START Supplied material

(* Let $H_1,H_2,K$ be Hilbert spaces, $H:=H_1\otimes H_2$, $\mathcal H:=K\otimes H$, and $\{e_i\}_{i\in I}$ an orthonormal basis of $K$. Let $w\in\mathcal H\setminus\{0\}$, $T:=\theta_{w,w}$, and write $w=\sum_{i\in I}e_i\otimes u_i$ with $u_i\in H$. Let $\widetilde{\mathcal H}$ be a Hilbert space and $A\in\mathcal B_2(\widetilde{\mathcal H},H_1)$, $B\in\mathcal B_2(\widetilde{\mathcal H}^\#,H_2)$ nonzero. Set $\rho:=\sum_{i\in I}\langle\mathrm{vec}(BA^\#),u_i\rangle_H\,e_i$. Then $\rho\in K$ with $\|\rho\|\le\|A\|_2\|B\|_2\sqrt{\|T\|_2}$, and for $\star=\star(T)$, \[ AA^*\star BB^*\;\succcurlyeq\;\frac{1}{\min(\operatorname{rk}AA^*,\operatorname{rk}BB^*,\mathbf r(\star))}\,\theta_{\rho,\rho}\;\succcurlyeq\;0, \] with the convention $1/\infty:=0$, where $\mathcal U(\star):=\overline{\operatorname{span}}^{\mathcal B_2}\{\mathrm{vec}^{-1}(u_i):i\in I\}\subset\mathcal B_2(H_1^\#,H_2)$ and $\mathbf r(\star):=\sup\{\operatorname{rk}X:X\in\mathcal U(\star)\}$. Moreover, the scalar $1/\min(\operatorname{rk}AA^*,\operatorname{rk}BB^*,\mathbf r(\star))$ is the best possible universal constant, i.e., it cannot be improved uniformly over all $A,B$.
   Context: Hilbert spaces are complex, inner products linear in the first variable. $\mathcal B_2$ denotes Hilbert–Schmidt operators (norm $\|\cdot\|_2$, inner product $\operatorname{Tr}(XY^* )$). $\theta_{x,y}w:=\langle w,y\rangle x$. Conjugate space $H^\#$: same additive group as $H$, scalar multiplication $\lambda\ast y=\bar\lambda y$, inner product $\langle x,y\rangle_{H^\#}=\langle y,x\rangle_H$; $\mathcal C_H:H\to H^\#$, $y\mapsto\bar y$, is the identity on the underlying set. For $Q\in\mathcal B(K,H)$, $Q^\#:=\mathcal C_KQ^*\mathcal C_H^{-1}:H^\#\to K^\#$. $\mathrm{vec}:\mathcal B_2(H_1^\#,H_2)\to H_1\otimes H_2$ is the isometric isomorphism with $\mathrm{vec}(\theta_{y,\bar x})=x\otimes y$. $\operatorname{rk}$ = dimension of closure of range. Slices: $T_{u,v}\in\mathcal B(H)$ defined by $\langle T_{u,v}\eta,\xi\rangle_H=\langle T(v\otimes\eta),u\otimes\xi\rangle_{\mathcal H}$; $T_{ij}:=T_{e_i,e_j}$. The product $\star=\star(T)$ sends $P\in\mathcal B_2(H_1)$, $Q\in\mathcal B_2(H_2)$ to the operator on $K$ with matrix entries $\langle (P\star Q)e_j,e_i\rangle_K=\operatorname{Tr}((P\otimes Q)T_{ij}^* )$. $X\succcurlyeq Y$ means $X-Y$ is a positive operator. *)

theory Defs
  imports "HOL-Analysis.Analysis" "HOL-Library.Extended_Nat"
begin

text \<open>Concrete model: every complex Hilbert space is unitarily equivalent to l2 over an
index set; we model the Hilbert spaces as l2 over (arbitrary) types. Bounded / Hilbert-Schmidt
operators are represented by their kernels (matrices w.r.t. the standard bases).\<close>

definition l2 :: "('a \<Rightarrow> complex) set" where
  "l2 = {f. (\<lambda>x. (cmod (f x))^2) summable_on UNIV}"

definition linner :: "('a \<Rightarrow> complex) \<Rightarrow> ('a \<Rightarrow> complex) \<Rightarrow> complex" where
  "linner f g = infsum (\<lambda>x. f x * cnj (g x)) UNIV"

definition lnorm :: "('a \<Rightarrow> complex) \<Rightarrow> real" where
  "lnorm f = sqrt (infsum (\<lambda>x. (cmod (f x))^2) UNIV)"

definition onb :: "('i \<Rightarrow> ('k \<Rightarrow> complex)) \<Rightarrow> bool" where
  "onb e \<longleftrightarrow> (\<forall>i. e i \<in> l2) \<and> (\<forall>i j. linner (e i) (e j) = (if i = j then 1 else 0))
     \<and> (\<forall>v\<in>l2. (\<forall>i. linner v (e i) = 0) \<longrightarrow> v = (\<lambda>_. 0))"

text \<open>Kernels: X p q is the matrix entry; the operator maps l2('q) to l2('p).\<close>
definition kapply :: "('p \<Rightarrow> 'q \<Rightarrow> complex) \<Rightarrow> ('q \<Rightarrow> complex) \<Rightarrow> ('p \<Rightarrow> complex)" where
  "kapply X v = (\<lambda>p. infsum (\<lambda>q. X p q * v q) UNIV)"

END Supplied material

▶ **Goal of the exercise**:
Search the data above for the string "cmod" and report each line that holds it.

▶ **Exercise solution**:
  "l2 = {f. (\<lambda>x. (cmod (f x))^2) summable_on UNIV}"
  "lnorm f = sqrt (infsum (\<lambda>x. (cmod (f x))^2) UNIV)"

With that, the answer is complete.